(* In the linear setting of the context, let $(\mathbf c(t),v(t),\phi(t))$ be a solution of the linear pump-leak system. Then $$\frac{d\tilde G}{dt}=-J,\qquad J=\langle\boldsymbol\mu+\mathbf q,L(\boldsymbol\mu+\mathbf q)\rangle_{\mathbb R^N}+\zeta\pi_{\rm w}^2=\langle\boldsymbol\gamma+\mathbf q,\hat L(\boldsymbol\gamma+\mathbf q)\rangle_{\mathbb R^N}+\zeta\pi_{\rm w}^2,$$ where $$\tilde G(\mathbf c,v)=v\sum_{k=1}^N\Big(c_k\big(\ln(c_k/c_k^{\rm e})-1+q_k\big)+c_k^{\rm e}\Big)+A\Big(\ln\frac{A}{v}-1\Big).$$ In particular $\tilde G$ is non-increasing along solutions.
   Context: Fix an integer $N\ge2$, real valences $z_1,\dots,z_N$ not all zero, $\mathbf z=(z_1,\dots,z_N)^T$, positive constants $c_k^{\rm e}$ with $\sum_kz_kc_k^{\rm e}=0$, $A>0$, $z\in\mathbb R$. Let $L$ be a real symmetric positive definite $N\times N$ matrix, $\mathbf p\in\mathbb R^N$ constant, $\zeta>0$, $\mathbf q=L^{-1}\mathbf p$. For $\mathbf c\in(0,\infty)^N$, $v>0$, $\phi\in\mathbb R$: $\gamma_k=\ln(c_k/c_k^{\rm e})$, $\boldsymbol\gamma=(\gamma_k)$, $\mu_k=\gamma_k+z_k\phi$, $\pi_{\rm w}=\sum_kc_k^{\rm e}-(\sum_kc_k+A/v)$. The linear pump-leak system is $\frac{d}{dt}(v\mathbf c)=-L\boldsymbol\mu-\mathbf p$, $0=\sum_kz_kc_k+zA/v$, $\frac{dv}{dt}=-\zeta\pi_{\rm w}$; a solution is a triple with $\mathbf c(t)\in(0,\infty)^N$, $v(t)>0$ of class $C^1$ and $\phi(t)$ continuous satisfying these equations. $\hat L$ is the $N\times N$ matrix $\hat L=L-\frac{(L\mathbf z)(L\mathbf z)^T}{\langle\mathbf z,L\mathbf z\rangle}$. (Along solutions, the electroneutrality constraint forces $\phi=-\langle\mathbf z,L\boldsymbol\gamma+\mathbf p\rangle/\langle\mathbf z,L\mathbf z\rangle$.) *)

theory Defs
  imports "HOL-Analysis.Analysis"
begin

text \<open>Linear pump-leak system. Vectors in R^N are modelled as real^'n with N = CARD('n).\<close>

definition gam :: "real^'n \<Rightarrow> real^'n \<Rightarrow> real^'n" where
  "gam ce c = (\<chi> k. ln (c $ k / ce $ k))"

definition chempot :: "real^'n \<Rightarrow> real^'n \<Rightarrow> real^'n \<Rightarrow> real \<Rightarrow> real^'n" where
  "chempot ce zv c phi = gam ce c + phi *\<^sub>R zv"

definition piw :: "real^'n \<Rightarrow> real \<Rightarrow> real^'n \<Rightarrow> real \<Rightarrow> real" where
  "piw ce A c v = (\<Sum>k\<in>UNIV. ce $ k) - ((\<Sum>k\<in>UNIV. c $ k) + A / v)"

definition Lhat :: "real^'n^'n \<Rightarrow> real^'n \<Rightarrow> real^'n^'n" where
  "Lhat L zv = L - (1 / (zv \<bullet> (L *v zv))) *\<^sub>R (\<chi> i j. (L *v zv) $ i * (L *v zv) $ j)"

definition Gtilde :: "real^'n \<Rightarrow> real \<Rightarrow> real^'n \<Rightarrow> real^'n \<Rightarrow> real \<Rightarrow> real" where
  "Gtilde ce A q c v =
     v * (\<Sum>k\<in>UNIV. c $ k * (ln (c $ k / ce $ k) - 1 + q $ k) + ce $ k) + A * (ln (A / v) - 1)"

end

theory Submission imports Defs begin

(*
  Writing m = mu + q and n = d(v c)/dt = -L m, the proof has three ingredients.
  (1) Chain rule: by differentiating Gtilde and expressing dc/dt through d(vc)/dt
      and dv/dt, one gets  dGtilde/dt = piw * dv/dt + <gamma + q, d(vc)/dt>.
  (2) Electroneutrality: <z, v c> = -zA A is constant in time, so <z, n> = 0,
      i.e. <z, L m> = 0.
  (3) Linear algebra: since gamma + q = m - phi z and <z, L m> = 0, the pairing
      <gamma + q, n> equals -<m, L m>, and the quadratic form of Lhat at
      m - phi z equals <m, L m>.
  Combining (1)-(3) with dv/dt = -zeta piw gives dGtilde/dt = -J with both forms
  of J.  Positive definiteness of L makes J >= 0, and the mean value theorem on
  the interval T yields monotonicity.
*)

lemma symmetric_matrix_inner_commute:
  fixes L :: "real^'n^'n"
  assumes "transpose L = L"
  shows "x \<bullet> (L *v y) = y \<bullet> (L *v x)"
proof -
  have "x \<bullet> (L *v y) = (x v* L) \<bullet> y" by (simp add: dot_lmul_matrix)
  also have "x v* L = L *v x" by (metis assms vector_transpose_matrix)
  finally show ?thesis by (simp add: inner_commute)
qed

+===+

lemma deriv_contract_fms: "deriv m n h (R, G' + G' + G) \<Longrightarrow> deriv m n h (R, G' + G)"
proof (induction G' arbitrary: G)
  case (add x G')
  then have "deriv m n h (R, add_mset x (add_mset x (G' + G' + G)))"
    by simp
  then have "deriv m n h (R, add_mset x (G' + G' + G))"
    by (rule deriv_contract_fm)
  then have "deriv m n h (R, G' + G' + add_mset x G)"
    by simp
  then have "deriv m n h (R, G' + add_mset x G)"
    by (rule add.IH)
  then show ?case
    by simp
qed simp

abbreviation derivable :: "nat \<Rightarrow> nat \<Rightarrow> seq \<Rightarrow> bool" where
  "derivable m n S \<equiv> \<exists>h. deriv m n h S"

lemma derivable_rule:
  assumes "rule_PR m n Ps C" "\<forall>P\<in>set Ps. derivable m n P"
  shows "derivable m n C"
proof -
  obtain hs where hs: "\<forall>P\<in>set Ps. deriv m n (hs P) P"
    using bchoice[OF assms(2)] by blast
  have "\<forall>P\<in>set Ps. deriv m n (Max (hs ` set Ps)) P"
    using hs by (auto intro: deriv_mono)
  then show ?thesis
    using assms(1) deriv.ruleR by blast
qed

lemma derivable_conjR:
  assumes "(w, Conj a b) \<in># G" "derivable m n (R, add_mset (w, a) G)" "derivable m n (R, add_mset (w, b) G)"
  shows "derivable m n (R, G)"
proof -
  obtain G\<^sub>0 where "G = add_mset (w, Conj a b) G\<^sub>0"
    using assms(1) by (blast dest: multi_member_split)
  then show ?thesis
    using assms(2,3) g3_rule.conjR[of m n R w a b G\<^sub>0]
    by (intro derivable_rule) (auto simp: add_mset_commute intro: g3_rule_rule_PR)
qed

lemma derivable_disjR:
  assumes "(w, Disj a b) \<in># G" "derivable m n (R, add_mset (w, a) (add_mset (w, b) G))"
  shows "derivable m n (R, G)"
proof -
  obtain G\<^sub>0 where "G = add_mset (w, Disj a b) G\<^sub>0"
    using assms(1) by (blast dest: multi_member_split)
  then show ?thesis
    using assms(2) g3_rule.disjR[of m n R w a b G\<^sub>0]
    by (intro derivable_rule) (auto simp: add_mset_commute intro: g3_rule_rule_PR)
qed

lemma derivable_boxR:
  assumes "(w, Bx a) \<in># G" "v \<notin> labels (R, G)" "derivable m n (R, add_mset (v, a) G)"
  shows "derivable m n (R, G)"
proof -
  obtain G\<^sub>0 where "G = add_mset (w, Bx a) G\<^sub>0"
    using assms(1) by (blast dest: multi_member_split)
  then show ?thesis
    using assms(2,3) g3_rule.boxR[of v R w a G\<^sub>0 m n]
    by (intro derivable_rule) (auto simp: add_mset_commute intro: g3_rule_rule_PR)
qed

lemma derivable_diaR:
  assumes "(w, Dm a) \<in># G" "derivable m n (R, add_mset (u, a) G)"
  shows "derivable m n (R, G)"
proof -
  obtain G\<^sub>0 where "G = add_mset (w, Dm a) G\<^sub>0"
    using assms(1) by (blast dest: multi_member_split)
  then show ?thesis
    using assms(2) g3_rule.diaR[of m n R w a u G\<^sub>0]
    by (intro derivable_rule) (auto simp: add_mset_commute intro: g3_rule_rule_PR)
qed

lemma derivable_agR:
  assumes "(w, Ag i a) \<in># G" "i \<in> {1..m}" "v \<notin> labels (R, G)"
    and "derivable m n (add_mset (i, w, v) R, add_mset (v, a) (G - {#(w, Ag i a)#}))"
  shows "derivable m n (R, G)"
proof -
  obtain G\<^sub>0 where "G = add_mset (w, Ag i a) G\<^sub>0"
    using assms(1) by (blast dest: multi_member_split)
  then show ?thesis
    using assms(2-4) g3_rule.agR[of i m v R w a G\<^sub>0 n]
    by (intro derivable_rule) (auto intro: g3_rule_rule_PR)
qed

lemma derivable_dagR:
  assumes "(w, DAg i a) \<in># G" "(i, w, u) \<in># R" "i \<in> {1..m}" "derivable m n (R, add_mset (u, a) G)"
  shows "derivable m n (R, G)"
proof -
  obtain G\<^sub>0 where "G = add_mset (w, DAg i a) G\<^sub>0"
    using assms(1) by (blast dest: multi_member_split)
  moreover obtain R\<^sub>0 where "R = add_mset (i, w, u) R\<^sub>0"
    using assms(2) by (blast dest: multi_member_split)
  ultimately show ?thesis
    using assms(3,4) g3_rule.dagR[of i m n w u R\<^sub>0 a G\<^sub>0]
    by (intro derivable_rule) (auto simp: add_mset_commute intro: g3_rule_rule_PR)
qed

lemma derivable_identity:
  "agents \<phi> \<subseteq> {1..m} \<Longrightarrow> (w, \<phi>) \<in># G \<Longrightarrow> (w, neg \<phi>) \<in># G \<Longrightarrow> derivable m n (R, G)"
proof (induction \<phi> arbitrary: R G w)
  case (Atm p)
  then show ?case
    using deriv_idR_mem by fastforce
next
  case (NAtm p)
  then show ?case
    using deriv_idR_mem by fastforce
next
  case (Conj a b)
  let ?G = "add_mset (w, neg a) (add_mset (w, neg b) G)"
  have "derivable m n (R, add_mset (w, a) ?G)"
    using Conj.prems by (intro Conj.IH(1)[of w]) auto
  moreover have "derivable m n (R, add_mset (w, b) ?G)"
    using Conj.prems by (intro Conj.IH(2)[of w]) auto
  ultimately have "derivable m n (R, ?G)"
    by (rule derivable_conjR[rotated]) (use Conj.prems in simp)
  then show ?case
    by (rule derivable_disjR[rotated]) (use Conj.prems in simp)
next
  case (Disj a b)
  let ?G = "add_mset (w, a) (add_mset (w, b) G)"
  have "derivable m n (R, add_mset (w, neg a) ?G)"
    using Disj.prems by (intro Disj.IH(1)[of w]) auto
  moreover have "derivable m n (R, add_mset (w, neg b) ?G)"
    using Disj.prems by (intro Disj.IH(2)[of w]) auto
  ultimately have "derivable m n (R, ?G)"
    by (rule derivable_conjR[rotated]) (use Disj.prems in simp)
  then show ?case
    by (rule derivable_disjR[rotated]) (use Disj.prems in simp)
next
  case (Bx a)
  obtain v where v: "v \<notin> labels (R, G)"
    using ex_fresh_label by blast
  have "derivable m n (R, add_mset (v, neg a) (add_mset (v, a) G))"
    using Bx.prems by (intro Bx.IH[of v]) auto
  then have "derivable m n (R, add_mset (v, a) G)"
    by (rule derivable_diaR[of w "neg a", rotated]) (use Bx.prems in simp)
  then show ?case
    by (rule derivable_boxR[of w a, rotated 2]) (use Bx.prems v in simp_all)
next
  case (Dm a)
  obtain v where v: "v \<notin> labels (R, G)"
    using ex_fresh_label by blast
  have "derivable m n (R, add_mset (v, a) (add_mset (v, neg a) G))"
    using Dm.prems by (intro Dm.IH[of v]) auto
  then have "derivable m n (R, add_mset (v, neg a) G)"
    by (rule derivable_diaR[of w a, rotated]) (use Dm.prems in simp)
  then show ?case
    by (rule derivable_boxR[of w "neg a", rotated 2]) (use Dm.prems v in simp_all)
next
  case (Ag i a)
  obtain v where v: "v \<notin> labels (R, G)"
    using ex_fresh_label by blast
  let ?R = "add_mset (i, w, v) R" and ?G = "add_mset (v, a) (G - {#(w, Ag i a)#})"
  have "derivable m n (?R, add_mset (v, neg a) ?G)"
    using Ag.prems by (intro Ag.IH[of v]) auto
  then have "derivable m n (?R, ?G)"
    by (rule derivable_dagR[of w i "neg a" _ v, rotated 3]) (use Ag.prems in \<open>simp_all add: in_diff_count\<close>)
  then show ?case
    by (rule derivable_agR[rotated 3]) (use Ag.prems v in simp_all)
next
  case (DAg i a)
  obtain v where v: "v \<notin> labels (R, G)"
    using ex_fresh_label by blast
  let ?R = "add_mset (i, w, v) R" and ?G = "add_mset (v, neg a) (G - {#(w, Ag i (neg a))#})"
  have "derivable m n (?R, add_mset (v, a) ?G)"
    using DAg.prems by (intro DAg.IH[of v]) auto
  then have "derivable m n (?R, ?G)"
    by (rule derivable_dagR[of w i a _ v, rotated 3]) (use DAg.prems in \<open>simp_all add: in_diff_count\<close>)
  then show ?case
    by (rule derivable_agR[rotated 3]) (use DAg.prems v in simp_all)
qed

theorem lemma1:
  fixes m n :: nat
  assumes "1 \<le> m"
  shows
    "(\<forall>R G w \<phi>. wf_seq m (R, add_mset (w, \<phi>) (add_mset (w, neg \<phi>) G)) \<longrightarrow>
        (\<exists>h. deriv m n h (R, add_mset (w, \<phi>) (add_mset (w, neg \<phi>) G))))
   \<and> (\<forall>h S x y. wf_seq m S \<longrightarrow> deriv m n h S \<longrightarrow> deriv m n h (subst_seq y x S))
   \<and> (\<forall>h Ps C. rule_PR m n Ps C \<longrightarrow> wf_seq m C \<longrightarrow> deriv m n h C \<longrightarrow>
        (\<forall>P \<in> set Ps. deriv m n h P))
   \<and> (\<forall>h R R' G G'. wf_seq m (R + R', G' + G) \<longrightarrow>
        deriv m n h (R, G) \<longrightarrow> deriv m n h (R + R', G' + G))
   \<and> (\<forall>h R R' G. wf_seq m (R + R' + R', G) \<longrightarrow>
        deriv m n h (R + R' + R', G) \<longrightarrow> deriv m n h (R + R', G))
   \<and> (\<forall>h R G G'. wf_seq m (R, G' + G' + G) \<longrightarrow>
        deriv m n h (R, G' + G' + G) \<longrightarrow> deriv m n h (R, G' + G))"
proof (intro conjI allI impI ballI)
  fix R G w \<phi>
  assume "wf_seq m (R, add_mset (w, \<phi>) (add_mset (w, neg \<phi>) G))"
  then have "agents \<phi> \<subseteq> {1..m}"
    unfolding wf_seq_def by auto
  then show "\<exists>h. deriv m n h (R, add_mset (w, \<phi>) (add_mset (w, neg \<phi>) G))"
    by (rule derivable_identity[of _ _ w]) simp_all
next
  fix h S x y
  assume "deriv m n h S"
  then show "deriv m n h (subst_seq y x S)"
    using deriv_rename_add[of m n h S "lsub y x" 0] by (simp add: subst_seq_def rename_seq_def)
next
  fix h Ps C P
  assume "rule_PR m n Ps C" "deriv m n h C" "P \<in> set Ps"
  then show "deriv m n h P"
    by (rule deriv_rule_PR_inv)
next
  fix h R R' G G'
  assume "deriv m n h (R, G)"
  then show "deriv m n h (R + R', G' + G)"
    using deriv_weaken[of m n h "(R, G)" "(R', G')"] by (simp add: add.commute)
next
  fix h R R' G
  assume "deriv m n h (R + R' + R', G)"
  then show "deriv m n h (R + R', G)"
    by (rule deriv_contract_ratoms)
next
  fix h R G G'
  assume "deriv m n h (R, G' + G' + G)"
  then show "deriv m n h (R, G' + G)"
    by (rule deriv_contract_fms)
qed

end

+===+

# Your goal
Everything from the line with "by (rule derivable_conjR[rotated]) (use Conj.prems" through the line with "(v, a) (add_mset" in the listing above must be retyped exactly, with nothing added.

# Answer to this task
    by (rule derivable_conjR[rotated]) (use Conj.prems in simp)
  then show ?case
    by (rule derivable_disjR[rotated]) (use Conj.prems in simp)
next
  case (Disj a b)
  let ?G = "add_mset (w, a) (add_mset (w, b) G)"
  have "derivable m n (R, add_mset (w, neg a) ?G)"
    using Disj.prems by (intro Disj.IH(1)[of w]) auto
  moreover have "derivable m n (R, add_mset (w, neg b) ?G)"
    using Disj.prems by (intro Disj.IH(2)[of w]) auto
  ultimately have "derivable m n (R, ?G)"
    by (rule derivable_conjR[rotated]) (use Disj.prems in simp)
  then show ?case
    by (rule derivable_disjR[rotated]) (use Disj.prems in simp)
next
  case (Bx a)
  obtain v where v: "v \<notin> labels (R, G)"
    using ex_fresh_label by blast
  have "derivable m n (R, add_mset (v, neg a) (add_mset (v, a) G))"
    using Bx.prems by (intro Bx.IH[of v]) auto
  then have "derivable m n (R, add_mset (v, a) G)"
    by (rule derivable_diaR[of w "neg a", rotated]) (use Bx.prems in simp)
  then show ?case
    by (rule derivable_boxR[of w a, rotated 2]) (use Bx.prems v in simp_all)
next
  case (Dm a)
  obtain v where v: "v \<notin> labels (R, G)"
    using ex_fresh_label by blast
  have "derivable m n (R, add_mset (v, a) (add_mset (v, neg a) G))"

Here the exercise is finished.